1. La Corte di appello ha ritenuto che le espressioni ingiuriose e minatorie profferite dall'imputato e
riportate nel capo di imputazione (in particolare la minaccia di parlare con il proprio avvocato e di
"far rovinare" i verbalizzanti), erano inequivocabilmente dirette ad intimidire gli agenti della
Questura di Avellino, al fine di opporsi all'atto di ufficio che essi stavano compiendo mediante il
controllo della presenza in casa del soggetto sottoposto alla sorveglianza speciale.
La motivazione, incensurabile nel merito, è giuridicamente corretta considerato che il delitto di
resistenza a pubblico ufficiale previsto dall'art. 337 cod. pen. può essere integrato, oltre che da
comportamenti esplicitamente minatori, (quali quelli specialmente evidenziati dal giudice di
merito), anche da una condotta ingiuriosa nei confronti del soggetto passivo, quando essa, lungi dal
rappresentare l'espressione di uno sfogo verbale fine a sé stesso, assuma modalità tali da rivelare la
volontà di frapporre ostacoli, mediante la sequenza di espressioni ingiuriose, allo svolgimento
dell'atto di ufficio (conforme Sez. 6, n. 1737 del 14/12/2012 - dep. 14/01/2013, D'Elia, Rv. 254203).

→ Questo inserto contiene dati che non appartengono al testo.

lemma level_between_formula_pos_iff:
  fixes \<rho> :: "nat \<Rightarrow> ('l::{complete_linorder, dense_linorder, linorder_topology} \<Rightarrow> real)"
  assumes "\<rho> p \<in> M_L" "\<rho> q \<in> M_L" "0 \<le> c" "c \<le> 1" "0 \<le> \<alpha>" "\<alpha> \<le> 1" "0 \<le> \<beta>" "\<beta> \<le> 1"
  shows "0 < ceval (level_between_formula c \<alpha> \<beta> p q) \<rho> \<longleftrightarrow>
    (\<exists>g\<in>M_L. level_witness \<alpha> \<beta> (\<rho> p) (\<rho> q) (of_rat c) g)"
proof -
  define inner where "inner g =
    min (max (of_rat c / 2 - phi \<alpha> (\<rho> p) g / 2) 0)
      (min (max (phi \<beta> (\<rho> q) g / 2 - of_rat c / 2) 0) (max (phi \<alpha> g (\<rho> p) - phi \<beta> g (\<rho> q)) 0))"
    for g :: "'l \<Rightarrow> real"
  have "ceval (level_between_formula c \<alpha> \<beta> p q) \<rho> = (SUP g\<in>M_L. inner g)"
    using assms by (simp add: level_between_formula_def inner_def ceval_cmin scons_def phi_diag)
  moreover have "bdd_above (inner ` M_L)"
  proof (rule bdd_aboveI2)
    fix g :: "'l \<Rightarrow> real"
    have "0 \<le> phi \<alpha> (\<rho> p) g" "(of_rat c :: real) \<le> 1"
      using phi_nonneg[OF assms(1)] assms(4) by simp_all
    then show "inner g \<le> 1" unfolding inner_def by linarith
  qed
  moreover have "0 < inner g \<longleftrightarrow> level_witness \<alpha> \<beta> (\<rho> p) (\<rho> q) (of_rat c) g" for g
    by (auto simp: inner_def level_witness_def)
  ultimately show ?thesis
    using less_cSUP_iff[of M_L inner 0] assms(1) by auto
qed

lemma level_between_definable:
  fixes \<rho> :: "nat \<Rightarrow> ('l::{complete_linorder, dense_linorder, linorder_topology} \<Rightarrow> real)"
  assumes "\<rho> p \<in> M_L" "\<rho> q \<in> M_L" "0 \<le> c" "c \<le> 1"
  shows "level_between (\<rho> p) (\<rho> q) (of_rat c) \<longleftrightarrow>
    (\<exists>\<alpha> \<beta>. 0 \<le> \<alpha> \<and> \<alpha> \<le> 1 \<and> 0 \<le> \<beta> \<and> \<beta> \<le> 1 \<and>
      0 < ceval (level_between_formula c \<alpha> \<beta> p q) \<rho>)"
  using level_witness_if_level_between[OF assms(1,2)] level_between_if_level_witness
    level_between_formula_pos_iff[OF assms] M_L_D(1) assms(2)
  by meson

lemma indiscernible_pairs:
  assumes "indiscernible f" "i < j" "i' < j'" "fv \<phi> \<subseteq> {0, 1}"
  shows "ceval \<phi> (tuple_env f [i, j]) = ceval \<phi> (tuple_env f [i', j'])"
proof -
  have "sorted_wrt (<) [i, j]" "sorted_wrt (<) [i', j']" "fv \<phi> \<subseteq> {..<length [i, j]}"
    using assms(2-4) by auto
  then show ?thesis
    using assms(1) unfolding indiscernible_def by fastforce
qed

lemma indiscernible_level_between:
  fixes f :: "'i::linorder \<Rightarrow> ('l::{complete_linorder, dense_linorder, linorder_topology} \<Rightarrow> real)"
  assumes "indiscernible f" "\<forall>i. f i \<in> M_L" "i < j" "i' < j'"
    and "p < 2" "q < 2" "0 \<le> c" "c \<le> 1"
  shows "level_between (f ([i, j] ! p)) (f ([i, j] ! q)) (of_rat c) \<longleftrightarrow>
    level_between (f ([i', j'] ! p)) (f ([i', j'] ! q)) (of_rat c)"
proof -
  have env: "tuple_env f xs k = f (xs ! k)" if "k < 2" "length xs = 2" for xs k
    using that by (simp add: tuple_env_def)
  have "fv (level_between_formula c \<alpha> \<beta> p q) \<subseteq> {0, 1}" for \<alpha> \<beta>
    using fv_level_between_formula \<open>p < 2\<close> \<open>q < 2\<close> by (fastforce simp: less_2_cases_iff)
  then show ?thesis
    using level_between_definable[of "tuple_env f [i, j]" p q c]
      level_between_definable[of "tuple_env f [i', j']" p q c]
      indiscernible_pairs[OF assms(1,3,4)] assms(2,5-8)
    by (simp add: env)
qed

lemma mono_or_antimono_if_no_peak_no_valley:
  fixes a :: "'i::linorder \<Rightarrow> 'a::linorder"
  assumes "\<And>i j k. i < j \<Longrightarrow> j < k \<Longrightarrow> \<not> (a i < a j \<and> a k < a j) \<and> \<not> (a j < a i \<and> a j < a k)"
  shows "mono a \<or> antimono a"
proof (rule ccontr)
  assume "\<not> (mono a \<or> antimono a)"
  then obtain x y r s where "x < y" "a y < a x" "r < s" "a r < a s"
    unfolding mono_def antimono_def by (metis not_le order.not_eq_order_implies_strict order.refl)
  have after_fall: "a z \<le> a y" if "y < z" for z
    using assms[of x y z] that \<open>x < y\<close> \<open>a y < a x\<close> by force
  have before_fall: "a x \<le> a z" if "z < x" for z
    using assms[of z x y] that \<open>x < y\<close> \<open>a y < a x\<close> by force
  have after_rise: "a s \<le> a z" if "s < z" for z
    using assms[of r s z] that \<open>r < s\<close> \<open>a r < a s\<close> by force
  have before_rise: "a z \<le> a r" if "z < r" for z
    using assms[of z r s] that \<open>r < s\<close> \<open>a r < a s\<close> by force
  have "a s \<le> a y"
    using after_fall[of s] after_rise[of y] by (cases y s rule: linorder_cases) auto
  also have "a y < a x" by fact
  also have "a x \<le> a r"
    using before_fall[of r] before_rise[of x] by (cases x r rule: linorder_cases) auto
  finally show False
    using \<open>a r < a s\<close> by simp
qed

2. La Corte di appello, in conformità alla costante giurisprudenza di legittimità, ha correttamente
ritenuto la configurabilità del concorso formale tra ogni singolo reato, commesso dal soggetto
sottoposto alla sorveglianza speciale di pubblica sicurezza, e la simultanea violazione, prevista
dall'art. 9 della legge 27 dicembre 1956 n. 1423, della prescrizione di vivere onestamente e di
rispettare le leggi. (da ultimo Sez. 1, n. 26161 del 20/06/2012, P.G. in proc. Albini, Rv. 253090).
A norma dell'art. 616 cod. proc. pen. il ricorrente deve essere condannato al pagamento delle spese
processuali.
P.Q.M.
Rigetta il ricorso e condanna il ricorrente al pagamento delle spese processuali.